Awadeh and BDL employees suspended their strike indefinitely on May 7 in order to give the Cabinet more time to negotiate a draft budget. Awadeh said that BDL Gov. Riad Salameh, who had spoken with politicians, had reassured the syndicate that their salaries would not be impacted by the budget.
Retired security personnel and military veterans received similar guarantees during weekslong protests against a potential cut to their pensions and another relevant reduction, and veterans groups suspended their protests May 13.
But as with many of the budget proposals, conflicting statements have emerged on this issue. Defense Minister Elias Bou Saab stated to Annahar May 15 that salary reductions for active or former military personnel were not up for discussion, and Kanaan — who is not privy to Cabinet discussions but has been involved in budget talks in parliament — told Al-Monitor he does not believe public beneficiaries are being targeted. Yet other politicians like Labor Minister Camille Abousleiman hinted that cuts affecting the public may still be on the table.
“I have to protect the lower class and the middle classes, and it has to be proportional,” Abousleiman told Al-Monitor, referring to the austerity measures. “But I do believe there is runaway expenditure that needs to be addressed.”
Citing the ongoing discussions, he urged demonstrators to wait until after a budget is passed to make their opinions heard.

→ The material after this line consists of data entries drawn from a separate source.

text \<open>Markov's inequality for the second moment, which is 1.\<close>
lemma measure_std_normal_le:
  assumes A: "A \<in> sets borel" and x: "x \<noteq> 0" and le: "\<And>t. t \<in> A \<Longrightarrow> x\<^sup>2 \<le> t\<^sup>2"
  shows "measure (normal_measure 0 1) A \<le> 1 / x\<^sup>2"
proof -
  interpret prob_space "normal_measure 0 1" by (rule prob_space_normal_measure) simp
  have moment: "(\<integral>\<^sup>+t. ennreal (normal_density 0 1 t * t\<^sup>2) \<partial>lborel) = 1"
    using integrable_std_normal_moment[of 2] integral_std_normal_moment_even[of 1]
    by (subst nn_integral_eq_integral) auto
  have "emeasure (normal_measure 0 1) A = (\<integral>\<^sup>+t. ennreal (normal_density 0 1 t) * indicator A t \<partial>lborel)"
    using A by (simp add: emeasure_normal_measure)
  also have "\<dots> \<le> (\<integral>\<^sup>+t. ennreal (1 / x\<^sup>2) * ennreal (normal_density 0 1 t * t\<^sup>2) \<partial>lborel)"
  proof (rule nn_integral_mono)
    fix t
    have "t \<in> A \<Longrightarrow> normal_density 0 1 t \<le> 1 / x\<^sup>2 * (normal_density 0 1 t * t\<^sup>2)"
      using le x by (simp add: field_simps mult_left_mono)
    then show "ennreal (normal_density 0 1 t) * indicator A t \<le> ennreal (1 / x\<^sup>2) * ennreal (normal_density 0 1 t * t\<^sup>2)"
      by (cases "t \<in> A") (auto simp: ennreal_mult'[symmetric] ennreal_leI)
  qed
  also have "\<dots> = ennreal (1 / x\<^sup>2)"
    by (simp add: nn_integral_cmult moment)
  finally show ?thesis
    using x by (simp add: emeasure_eq_measure ennreal_le_iff2)
qed

lemma Phi_upper_tail: "0 < x \<Longrightarrow> 1 - Phi x \<le> 1 / x\<^sup>2"
  using measure_std_normal_le[of "{x<..}" x] measure_normal_measure_greaterThan[of 1 0 x]
  by (auto intro: power_mono)

lemma Phi_lower_tail:
  assumes "x < 0"
  shows "Phi x \<le> 1 / x\<^sup>2"
  unfolding Phi_def
proof (rule measure_std_normal_le)
  fix t assume "t \<in> {..x}"
  then have "(- x)\<^sup>2 \<le> (- t)\<^sup>2"
    using assms by (intro power_mono) auto
  then show "x\<^sup>2 \<le> t\<^sup>2" by simp
qed (use assms in auto)

section \<open>Quantiles of continuous strictly increasing distribution functions\<close>

definition continuous_strict_cdf :: "(real \<Rightarrow> real) \<Rightarrow> bool" where
  "continuous_strict_cdf H \<longleftrightarrow>
     continuous_on UNIV H \<and> strict_mono H \<and> (H \<longlongrightarrow> 0) at_bot \<and> (H \<longlongrightarrow> 1) at_top"

lemma cdf_VaR_eqI:
  assumes "strict_mono H" and "H t = g"
  shows "cdf_VaR H g = t"
proof -
  have "{x. g \<le> H x} = {t..}"
    using assms by (auto simp: strict_mono_less_eq)
  then show ?thesis
    by (simp add: cdf_VaR_def)
qed

lemma continuous_strict_cdf_attains:
  assumes H: "continuous_strict_cdf H" and g: "0 < g" "g < 1"
  shows "\<exists>t. H t = g"
proof -
  from H have lim_bot: "(H \<longlongrightarrow> 0) at_bot" and lim_top: "(H \<longlongrightarrow> 1) at_top"
    and cont: "continuous_on UNIV H"
    by (auto simp: continuous_strict_cdf_def)
  obtain a where a: "\<And>x. x \<le> a \<Longrightarrow> H x < g"
    using order_tendstoD(2)[OF lim_bot g(1)] by (auto simp: eventually_at_bot_linorder)
  obtain b where b: "\<And>x. b \<le> x \<Longrightarrow> g < H x"
    using order_tendstoD(1)[OF lim_top g(2)] by (auto simp: eventually_at_top_linorder)
  have "H a \<le> g" "g \<le> H (max a b)" "a \<le> max a b"
    using a[of a] b[of "max a b"] by auto
  then show ?thesis
    using IVT'[of H a g "max a b"] continuous_on_subset[OF cont] by blast
qed

lemma continuous_strict_cdf_cdf_VaR:
  assumes H: "continuous_strict_cdf H" and "0 < g" "g < 1"
  shows "H (cdf_VaR H g) = g"
proof -
  obtain t where "H t = g"
    using continuous_strict_cdf_attains[OF assms] by blast
  moreover have "strict_mono H"
    using H by (simp add: continuous_strict_cdf_def)
  ultimately show ?thesis
    using cdf_VaR_eqI by simp
qed

lemma continuous_strict_cdf_normal_mixture:
  fixes w m s :: "'i \<Rightarrow> real"
  assumes I: "finite I" and w: "\<And>i. i \<in> I \<Longrightarrow> 0 \<le> w i" and sum_w: "(\<Sum>i\<in>I. w i) = 1"
    and s: "\<And>i. i \<in> I \<Longrightarrow> 0 < s i"
  shows "continuous_strict_cdf (\<lambda>x. \<Sum>i\<in>I. w i * Phi ((x - m i) / s i))"
proof -
  have cdf: "(\<lambda>x. \<Sum>i\<in>I. w i * Phi ((x - m i) / s i)) = (\<lambda>x. \<Sum>i\<in>I. w i * cdf (normal_measure (m i) (s i)) x)"
    using s by (simp add: cdf_normal_measure)
  have dist: "real_distribution (normal_measure (m i) (s i))" if "i \<in> I" for i
    using s[OF that] by (rule real_distribution_normal_measure)
  have "continuous_on UNIV (\<lambda>x. \<Sum>i\<in>I. w i * cdf (normal_measure (m i) (s i)) x)"
  proof (intro continuous_at_imp_continuous_on ballI continuous_intros)
    fix x i assume "i \<in> I"
    then show "isCont (cdf (normal_measure (m i) (s i))) x"
      using finite_borel_measure.isCont_cdf[OF real_distribution.finite_borel_measure_M[OF dist]]
      by (simp add: measure_def emeasure_normal_measure_singleton)
  qed
  moreover have "((\<lambda>x. \<Sum>i\<in>I. w i * cdf (normal_measure (m i) (s i)) x) \<longlongrightarrow> (\<Sum>i\<in>I. w i * 0)) at_bot"
    using finite_borel_measure.cdf_lim_at_bot[OF real_distribution.finite_borel_measure_M[OF dist]]
    by (intro tendsto_intros) auto
  moreover have "((\<lambda>x. \<Sum>i\<in>I. w i * cdf (normal_measure (m i) (s i)) x) \<longlongrightarrow> (\<Sum>i\<in>I. w i * 1)) at_top"
    using real_distribution.cdf_lim_at_top_prob[OF dist] by (intro tendsto_intros) auto
  moreover have "strict_mono (\<lambda>x. \<Sum>i\<in>I. w i * Phi ((x - m i) / s i))"
  proof (rule strict_monoI)
    fix x y :: real assume "x < y"
    have "\<not> (\<forall>i\<in>I. w i = 0)"
      using sum_w by (metis sum.neutral zero_neq_one)
    then obtain j where j: "j \<in> I" "0 < w j"
      using w by (auto simp: less_le)
    show "(\<Sum>i\<in>I. w i * Phi ((x - m i) / s i)) < (\<Sum>i\<in>I. w i * Phi ((y - m i) / s i))"
    proof (rule sum_strict_mono_ex1[OF I])
      show "\<forall>i\<in>I. w i * Phi ((x - m i) / s i) \<le> w i * Phi ((y - m i) / s i)"
        using w s[THEN less_imp_le] \<open>x < y\<close> by (auto intro!: mult_left_mono Phi_mono divide_right_mono)
      show "\<exists>i\<in>I. w i * Phi ((x - m i) / s i) < w i * Phi ((y - m i) / s i)"
        using j s[OF j(1)] \<open>x < y\<close> by (intro bexI[OF _ j(1)] mult_strict_left_mono Phi_less divide_strict_right_mono) auto
    qed
  qed
  ultimately show ?thesis
    unfolding continuous_strict_cdf_def cdf using sum_w by simp
qed

section \<open>A two-component location mixture\<close>

definition shift_mix_cdf :: "real \<Rightarrow> real \<Rightarrow> real" where
  "shift_mix_cdf p y = p * Phi (y - 1) + (1 - p) * Phi y"

definition shift_mix_quantile :: "real \<Rightarrow> real \<Rightarrow> real" where
  "shift_mix_quantile p g = cdf_VaR (shift_mix_cdf p) g"

lemma continuous_strict_cdf_shift_mix_cdf:
  assumes "0 \<le> p" "p \<le> 1"
  shows "continuous_strict_cdf (shift_mix_cdf p)"
proof -
  have "shift_mix_cdf p = (\<lambda>x. \<Sum>i\<in>{True, False}. (if i then p else 1 - p) * Phi ((x - of_bool i) / 1))"
    by (simp add: fun_eq_iff shift_mix_cdf_def)
  then show ?thesis
    by (simp only:) (rule continuous_strict_cdf_normal_mixture, use assms in auto)
qed

lemma shift_mix_cdf_quantile:
  "0 \<le> p \<Longrightarrow> p \<le> 1 \<Longrightarrow> 0 < g \<Longrightarrow> g < 1 \<Longrightarrow> shift_mix_cdf p (shift_mix_quantile p g) = g"
  unfolding shift_mix_quantile_def by (rule continuous_strict_cdf_cdf_VaR[OF continuous_strict_cdf_shift_mix_cdf])

lemma strict_mono_shift_mix_cdf: "0 \<le> p \<Longrightarrow> p \<le> 1 \<Longrightarrow> strict_mono (shift_mix_cdf p)"
  using continuous_strict_cdf_shift_mix_cdf by (simp add: continuous_strict_cdf_def)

Abousleiman is not alone in this view. Foreign Minister Gebran Bassil voiced his own dissatisfaction with protests in April, and Hariri went even further calling for legal penalties to be imposed on public employees who impede the functioning of state bodies.
According to Mona Fawaz, professor of urban studies and planning at the American University of Beirut, public anger at the status quo, and the politicians who enable it, is only growing. “Dissatisfaction [with the economy ] has been boiling for years,” she told Al-Monitor. “People see income inequality growing, they see their lifestyles eroded. Wage cuts — especially for the lower classes — will just do the same.”

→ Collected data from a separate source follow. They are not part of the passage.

lemma opair_exists: assumes "a \<in> UU" "b \<in> UU" shows "\<exists>p\<in>UU. is_opair M p a b"
proof -
  obtain z1 where z1: "z1 \<in> UU" "is_upair M z1 a a" using upair_exists assms by blast
  obtain z2 where z2: "z2 \<in> UU" "is_upair M z2 a b" using upair_exists assms by blast
  obtain p where p: "p \<in> UU" "is_upair M p z1 z2" using upair_exists z1 z2 by blast
  have "is_opair M p a b" unfolding is_opair_def
  proof (intro conjI ballI)
    show "is_set M p" using p unfolding is_upair_def by auto
    fix z assume z: "z \<in> UU"
    have "E z p \<longleftrightarrow> z = z1 \<or> z = z2" using p z unfolding is_upair_def by blast
    also have "z = z1 \<longleftrightarrow> is_upair M z a a" using z1 upair_unique by blast
    also have "z = z2 \<longleftrightarrow> is_upair M z a b" using z2 upair_unique by blast
    finally show "E z p \<longleftrightarrow> is_upair M z a a \<or> is_upair M z a b" .
  qed
  then show ?thesis using p by blast
qed

lemma opair_inject:
  assumes "is_opair M p a b" "is_opair M p c d" "a \<in> UU" "b \<in> UU" "c \<in> UU" "d \<in> UU"
  shows "a = c \<and> b = d"
proof -
  obtain z1 where z1: "z1 \<in> UU" "is_upair M z1 a a" using upair_exists assms by blast
  obtain z2 where z2: "z2 \<in> UU" "is_upair M z2 a b" using upair_exists assms by blast
  obtain z4 where z4: "z4 \<in> UU" "is_upair M z4 c d" using upair_exists assms by blast
  have z1p: "E z1 p" and z2p: "E z2 p" and z4p: "E z4 p"
    using assms(1,2) z1 z2 z4 unfolding is_opair_def by auto
  have ac: "a = c"
  proof -
    have "is_upair M z1 c c \<or> is_upair M z1 c d" using z1p z1 assms(2) unfolding is_opair_def by auto
    then have "E c z1" using assms(5) unfolding is_upair_def by blast
    then show ?thesis using z1 assms(5) unfolding is_upair_def by auto
  qed
  have "b = d"
  proof (cases "b = a")
    case True
    have "E d z4" using z4 assms(6) unfolding is_upair_def by blast
    moreover have "is_upair M z4 a a \<or> is_upair M z4 a b"
      using z4p z4 assms(1) unfolding is_opair_def by auto
    ultimately show ?thesis using True assms(6) unfolding is_upair_def by auto
  next
    case False
    have "E b z2" using z2 assms(4) unfolding is_upair_def by blast
    moreover have "is_upair M z2 c c \<or> is_upair M z2 c d"
      using z2p z2 assms(2) unfolding is_opair_def by auto
    ultimately have "b = c \<or> b = d" using assms(4) unfolding is_upair_def by blast
    then show ?thesis using False ac by blast
  qed
  with ac show ?thesis by blast
qed

lemma opairs_bounded:
  assumes "x \<in> UU" "v \<in> UU"
  shows "\<exists>B\<in>UU. \<forall>a\<in>UU. \<forall>b\<in>UU. \<forall>p\<in>UU. E a x \<longrightarrow> E b v \<longrightarrow> is_opair M p a b \<longrightarrow> E p B"
proof -
  obtain y where y: "y \<in> UU" "E x y" "E v y" using pairing assms by blast
  obtain S where S: "S \<in> UU" "\<forall>z\<in>UU. E z y \<longrightarrow> (\<forall>t\<in>UU. E t z \<longrightarrow> E t S)" using union y by blast
  obtain P1 where P1: "P1 \<in> UU" "\<forall>z\<in>UU. subset_of M z S \<longrightarrow> E z P1" using powerset S by blast
  obtain P2 where P2: "P2 \<in> UU" "\<forall>z\<in>UU. subset_of M z P1 \<longrightarrow> E z P2" using powerset P1 by blast
  show ?thesis
  proof (intro bexI[OF _ P2(1)] ballI impI)
    fix a b p assume ab: "a \<in> UU" "b \<in> UU" "p \<in> UU" "E a x" "E b v" "is_opair M p a b"
    have "E a S" "E b S" using S y ab assms by blast+
    then have "E z P1" if "is_upair M z a a \<or> is_upair M z a b" "z \<in> UU" for z
      using P1 that ab(1,2) unfolding subset_of_def is_upair_def by auto
    then have "subset_of M p P1" using ab(6) unfolding subset_of_def is_opair_def by blast
    then show "E p P2" using P2 ab by blast
  qed
qed

lemma inter_exists: "s \<in> UU \<Longrightarrow> t \<in> UU \<Longrightarrow> \<exists>u\<in>UU. is_set M u \<and> (\<forall>z\<in>UU. E z u \<longleftrightarrow> E z s \<and> E z t)"
  by (rule separation[where e="(\<lambda>_. t)" and i=0 and \<phi>="Mem 0 1"]) auto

Bassil and religious leaders, like Maronite Patriarch Bechara al-Rai, suggested alternate solutions that would target the wealthy instead of public workers, including tamping down on tax and customs evasion. Kanaan echoed such ideas to Al-Monitor as the budget discussions were underway, but above all, urged the Cabinet to undertake structural reforms to state finances and to eliminate waste in the public sector.
In addition to cuts, ministers are looking to raise revenue — the Cabinet has already decided to raise taxes on bank deposit interest for three years.
Although Finance Minister Ali Hassan Khalil stated May 19 that the budget will reduce the deficit to 8.3% of GDP, Sami Nader, director of the Levant Institute for Strategic Affairs, claimed this will likely not be the case.
“In times of recession this does not work,” Nader told Al-Monitor, saying that new taxes would only squeeze the economy further. “I don’t believe given these facts that they’re going to decrease the budget deficit, because what they are doing is keeping the same amount of expenditures without saying it.”
Nader said that in his view, significantly cutting wages and salaries cannot be done because it would unleash even more social unrest, as recent demonstrations have shown.
Nevertheless, the possibility remains that Lebanon’s Cabinet may be forced to take at least some unpopular austerity measures for the sake of salvaging the long-term health of the Lebanese economy. If they fail to do so, an even more dire economic situation is likely to follow.